DIRECTIONS - Beginning with the line below that contains "e = e \<and>" and ending with the line that contains "the one with", copy every line exactly. Copy nothing else.

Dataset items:
(* Let $(R,\Lambda,S)$ be a generalised Renner–Coxeter system with unit group $W$. For every $r\in R$: (i) there exists a unique triple $(w_1,e,w_2)$ with $e\in\Lambda$, $w_1$ the element of minimal length of the coset $w_1W_\star(e)$, $w_2$ the element of minimal length of the coset $W(e)w_2$, such that $r=w_1ew_2$; (ii) there exists a unique triple $(v_1,e,v_2)$ with $e\in\Lambda$, $v_1$ the element of minimal length of $v_1W(e)$, $v_2$ the element of minimal length of $W_\star(e)v_2$, such that $r=v_1ev_2$.
   Context: For a monoid $R$, $E(R)$ is its set of idempotents, $G(R)$ its unit group. $R$ is factorisable if $R=E(R)G(R)=G(R)E(R)$ and idempotents commute; then $E(R)$ is a semilattice ($e\le f\iff ef=fe=e$) on which $G(R)$ acts by conjugation. For $e\in E(R)$, $W(e)=\{w\in G(R)\mid we=ew\}$, $W_\star(e)=\{w\mid we=ew=e\}$. For a Coxeter system $(W,S)$, $W_I$ is the subgroup generated by $I\subseteq S$ and lengths are Coxeter lengths (each coset of a standard parabolic subgroup has a unique element of minimal length). A generalised Renner–Coxeter system is a triple $(R,\Lambda,S)$ with: (ECS1) $R$ factorisable; (ECS2) $\Lambda\subseteq E(R)$ contains exactly one element of each $G(R)$-orbit and is closed under multiplication; (ECS3) $(G(R),S)$ is a Coxeter system; (ECS4) for $e_1\le e_2$ in $E(R)$ there are $w\in G(R)$, $f_1\le f_2$ in $\Lambda$ with $wf_iw^{-1}=e_i$; (ECS5) for $e\in\Lambda$, $W(e)$, $W_\star(e)$ are of the form $W_I$; (ECS6) with $\lambda^\star(e)=\{s\in S\mid se=es\ne e\}$, $e\le f$ in $\Lambda$ implies $\lambda^\star(e)\subseteq\lambda^\star(f)$. $W=G(R)$. *)

theory Defs
  imports Main
begin

text \<open>The monoid R is the type 'a of class monoid_mult (R = UNIV).\<close>

definition idempotents :: "'a::monoid_mult set" ("E\<^sub>R") where
  "idempotents = {e. e * e = e}"

definition units :: "'a::monoid_mult set" ("G\<^sub>R") where
  "units = {u. \<exists>v. u * v = 1 \<and> v * u = 1}"

definition unit_inv :: "'a::monoid_mult \<Rightarrow> 'a" where
  "unit_inv u = (THE v. u * v = 1 \<and> v * u = 1)"

definition idem_le :: "'a::monoid_mult \<Rightarrow> 'a \<Rightarrow> bool" where
  "idem_le e f \<longleftrightarrow> e * f = e \<and> f * e = e"

definition factorisable :: "'a::monoid_mult itself \<Rightarrow> bool" where
  "factorisable _ \<longleftrightarrow>
     (UNIV :: 'a set) = {e * g | e g. e \<in> idempotents \<and> g \<in> units} \<and>
     (UNIV :: 'a set) = {g * e | e g. e \<in> idempotents \<and> g \<in> units} \<and>
     (\<forall>e\<in>(idempotents :: 'a set). \<forall>f\<in>idempotents. e * f = f * e)"

definition W_of :: "'a::monoid_mult \<Rightarrow> 'a set" where
  "W_of e = {w \<in> units. w * e = e * w}"

definition Wstar_of :: "'a::monoid_mult \<Rightarrow> 'a set" where
  "Wstar_of e = {w \<in> units. w * e = e \<and> e * w = e}"

text \<open>Relators of the Coxeter presentation: (s t)^m for s, t in S and m the
  order of s t (any positive k with (st)^k = 1; these are consequences of
  the one with k = m). For s = t, k = 1 gives s s = 1.\<close>
definition cox_relators :: "'a::monoid_mult set \<Rightarrow> 'a list set" where
  "cox_relators S = {concat (replicate k [s, t]) | s t k.
       s \<in> S \<and> t \<in> S \<and> 0 < k \<and> (s * t) ^ k = 1}"

inductive cox_equiv :: "'a::monoid_mult set \<Rightarrow> 'a list \<Rightarrow> 'a list \<Rightarrow> bool"
  for S where
  refl: "cox_equiv S xs xs"
| sym: "cox_equiv S xs ys \<Longrightarrow> cox_equiv S ys xs"
| trans: "cox_equiv S xs ys \<Longrightarrow> cox_equiv S ys zs \<Longrightarrow> cox_equiv S xs zs"
| rel: "r \<in> cox_relators S \<Longrightarrow> cox_equiv S (xs @ r @ ys) (xs @ ys)"

text \<open>(G(R), S) is a Coxeter system: S is a set of involutions (different from 1)
  generating the unit group, and the unit group is presented by the generators S
  subject to the relations (st)^{m(s,t)} = 1, i.e. every word over S whose product
  is 1 is a consequence of the Coxeter relations.\<close>
definition coxeter_system :: "'a::monoid_mult set \<Rightarrow> 'a set \<Rightarrow> bool" where
  "coxeter_system W S \<longleftrightarrow>
     S \<subseteq> W \<and> (\<forall>s\<in>S. s \<noteq> 1 \<and> s * s = 1) \<and>
     (\<forall>w\<in>W. \<exists>ws. set ws \<subseteq> S \<and> prod_list ws = w) \<and>
     (\<forall>ws. set ws \<subseteq> S \<longrightarrow> prod_list ws \<in> W) \<and>
     (\<forall>ws. set ws \<subseteq> S \<and> prod_list ws = 1 \<longrightarrow> cox_equiv S ws [])"

definition cox_length :: "'a::monoid_mult set \<Rightarrow> 'a \<Rightarrow> nat" where
  "cox_length S w = (LEAST n. \<exists>ws. length ws = n \<and> set ws \<subseteq> S \<and> prod_list ws = w)"

definition parabolic :: "'a::monoid_mult set \<Rightarrow> 'a set" where
  "parabolic I = {prod_list ws | ws. set ws \<subseteq> I}"

definition min_left_coset :: "'a::monoid_mult set \<Rightarrow> 'a \<Rightarrow> 'a set \<Rightarrow> bool" where
  "min_left_coset S w H \<longleftrightarrow>
     (\<forall>x \<in> (\<lambda>h. w * h) ` H. x \<noteq> w \<longrightarrow> cox_length S w < cox_length S x)"

definition min_right_coset :: "'a::monoid_mult set \<Rightarrow> 'a \<Rightarrow> 'a set \<Rightarrow> bool" where
  "min_right_coset S w H \<longleftrightarrow>
     (\<forall>x \<in> (\<lambda>h. h * w) ` H. x \<noteq> w \<longrightarrow> cox_length S w < cox_length S x)"

definition lambda_star :: "'a::monoid_mult set \<Rightarrow> 'a \<Rightarrow> 'a set" where
  "lambda_star S e = {s \<in> S. s * e = e * s \<and> s * e \<noteq> e}"

definition gen_renner_coxeter :: "'a::monoid_mult set \<Rightarrow> 'a set \<Rightarrow> bool" where
  "gen_renner_coxeter \<Lambda> S \<longleftrightarrow>
     factorisable TYPE('a) \<and>
     \<Lambda> \<subseteq> idempotents \<and>
     (\<forall>e\<in>idempotents. \<exists>!f. f \<in> \<Lambda> \<and> (\<exists>w\<in>units. w * f * unit_inv w = e)) \<and>
     (\<forall>a\<in>\<Lambda>. \<forall>b\<in>\<Lambda>. a * b \<in> \<Lambda>) \<and>
     coxeter_system units S \<and>
     (\<forall>e1\<in>idempotents. \<forall>e2\<in>idempotents. idem_le e1 e2 \<longrightarrow>
        (\<exists>w\<in>units. \<exists>f1\<in>\<Lambda>. \<exists>f2\<in>\<Lambda>. idem_le f1 f2 \<and>
           w * f1 * unit_inv w = e1 \<and> w * f2 * unit_inv w = e2)) \<and>
     (\<forall>e\<in>\<Lambda>. (\<exists>I\<subseteq>S. W_of e = parabolic I) \<and> (\<exists>J\<subseteq>S. Wstar_of e = parabolic J)) \<and>
     (\<forall>e\<in>\<Lambda>. \<forall>f\<in>\<Lambda>. idem_le e f \<longrightarrow> lambda_star S e \<subseteq> lambda_star S f)"

end

theory Submission
  imports Defs
begin

text \<open>Factorisability and ECS2 write every \<open>r\<close> as \<open>w f u\<close> with \<open>f \<in> \<Lambda>\<close> and units \<open>w, u\<close>. Since \<open>W(f)\<close>
  and \<open>W\<^sub>\<star>(f)\<close> are standard parabolic subgroups, \<open>u = h u\<^sub>2\<close> with \<open>h \<in> W(f)\<close> and \<open>u\<^sub>2\<close> minimal in
  \<open>W(f) u\<^sub>2\<close>, and \<open>w h = u\<^sub>1 k\<close> with \<open>k \<in> W\<^sub>\<star>(f)\<close> and \<open>u\<^sub>1\<close> minimal in \<open>u\<^sub>1 W\<^sub>\<star>(f)\<close>; as \<open>h\<close> commutes
  with \<open>f\<close> and \<open>k f = f\<close>, \<open>r = u\<^sub>1 f u\<^sub>2\<close>. For uniqueness, \<open>w\<^sub>1 e w\<^sub>2 = w\<^sub>1' e' w\<^sub>2'\<close> yields
  \<open>e = a e' b\<close> with units \<open>a, b\<close>, and ECS2 and ECS4 force \<open>e' = e\<close>, \<open>a \<in> W(e)\<close>, \<open>a b \<in> W\<^sub>\<star>(e)\<close>;
  minimality of the coset representatives then pins down \<open>a\<close> and \<open>b\<close>.

  Minimal coset representatives are strictly shortest, which needs the exchange condition; it is
  derived from the Coxeter presentation through Tits' reflection cocycle, whose invariance under
  the Coxeter relations makes it a function on the group.\<close>

lemma unit_inv_unique: "(u::'a::monoid_mult) * v = 1 \<Longrightarrow> v * u = 1 \<Longrightarrow> unit_inv u = v"
  unfolding unit_inv_def
proof (rule the_equality)
  fix v' assume "u * v' = 1 \<and> v' * u = 1"
  moreover assume "u * v = 1"
  ultimately have "v' = (v' * u) * v" by (metis mult.assoc mult_1_right)
  thus "v' = v" using \<open>u * v' = 1 \<and> v' * u = 1\<close> by simp
qed simp

lemma unit_inv_right [simp]: "u \<in> units \<Longrightarrow> u * unit_inv u = 1"
  and unit_inv_left [simp]: "u \<in> units \<Longrightarrow> unit_inv u * u = 1"
  unfolding units_def by (auto dest: unit_inv_unique)

lemma unit_inv_mult_cancel_left [simp]: "u \<in> units \<Longrightarrow> unit_inv u * (u * x) = x"
  and mult_unit_inv_cancel_left [simp]: "u \<in> units \<Longrightarrow> u * (unit_inv u * x) = x"
  and mult_unit_inv_cancel_right [simp]: "u \<in> units \<Longrightarrow> x * u * unit_inv u = x"
  and mult_unit_inv_cancel_right' [simp]: "u \<in> units \<Longrightarrow> x * unit_inv u * u = x"
  by (simp_all flip: mult.assoc) (simp_all add: mult.assoc)

lemma one_in_units [simp]: "1 \<in> units"
  unfolding units_def by auto

lemma unit_inv_1 [simp]: "unit_inv 1 = 1"
  by (rule unit_inv_unique) simp_all

lemma unit_inv_in_units: "u \<in> units \<Longrightarrow> unit_inv u \<in> units"
  using unit_inv_left unit_inv_right units_def by blast

lemma unit_inv_unit_inv [simp]: "u \<in> units \<Longrightarrow> unit_inv (unit_inv u) = u"
  by (rule unit_inv_unique) simp_all

lemma units_mult_closed: "u \<in> units \<Longrightarrow> v \<in> units \<Longrightarrow> u * v \<in> units"
proof -
  assume "u \<in> units" "v \<in> units"
  hence "(u * v) * (unit_inv v * unit_inv u) = 1" "(unit_inv v * unit_inv u) * (u * v) = 1"
    by (simp_all add: mult.assoc)
  thus ?thesis unfolding units_def by blast
qed

lemma mult_unit_right_cancel: "u \<in> units \<Longrightarrow> a * u = b * u \<longleftrightarrow> a = b"
  by (metis mult_unit_inv_cancel_right)

lemma mult_unit_left_cancel: "u \<in> units \<Longrightarrow> u * a = u * b \<longleftrightarrow> a = b"
  by (metis unit_inv_mult_cancel_left)

definition remove_nth :: "nat \<Rightarrow> 'a list \<Rightarrow> 'a list" where
  "remove_nth j xs = take j xs @ drop (Suc j) xs"

lemma set_remove_nth: "set (remove_nth j xs) \<subseteq> set xs"
  by (auto simp: remove_nth_def dest: in_set_takeD in_set_dropD)

lemma length_remove_nth_less: "j < length xs \<Longrightarrow> length (remove_nth j xs) < length xs"
  by (simp add: remove_nth_def)

lemma remove_nth_append:
  "remove_nth j (xs @ ys) =
     (if j < length xs then remove_nth j xs @ ys else xs @ remove_nth (j - length xs) ys)"
  by (simp add: remove_nth_def Suc_diff_le)

fun odd_count :: "(nat \<Rightarrow> bool) \<Rightarrow> nat \<Rightarrow> bool" where
  "odd_count P 0 = False"
| "odd_count P (Suc n) = (odd_count P n \<noteq> P n)"

lemma odd_count_add: "odd_count P (m + n) = (odd_count P m \<noteq> odd_count (\<lambda>j. P (m + j)) n)"
  by (induction n) auto

lemma odd_count_Suc_shift: "odd_count P (Suc n) = (P 0 \<noteq> odd_count (\<lambda>j. P (Suc j)) n)"
  using odd_count_add[of P 1 n] by simp

text \<open>Tits' reflection cocycle: \<open>reflection_parity [s\<^sub>1, \<dots>, s\<^sub>n] t\<close> is the parity of the number
  of \<open>i\<close> with \<open>s\<^sub>1 \<cdots> s\<^sub>i \<cdots> s\<^sub>1 = t\<close>.\<close>
fun reflection_parity :: "'a::monoid_mult list \<Rightarrow> 'a \<Rightarrow> bool" where
  "reflection_parity [] t = False"
| "reflection_parity (s # ws) t = ((t = s) \<noteq> reflection_parity ws (s * t * s))"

ANSWER FOR THIS EXERCISE -
  "Wstar_of e = {w \<in> units. w * e = e \<and> e * w = e}"

text \<open>Relators of the Coxeter presentation: (s t)^m for s, t in S and m the
  order of s t (any positive k with (st)^k = 1; these are consequences of
  the one with k = m). For s = t, k = 1 gives s s = 1.\<close>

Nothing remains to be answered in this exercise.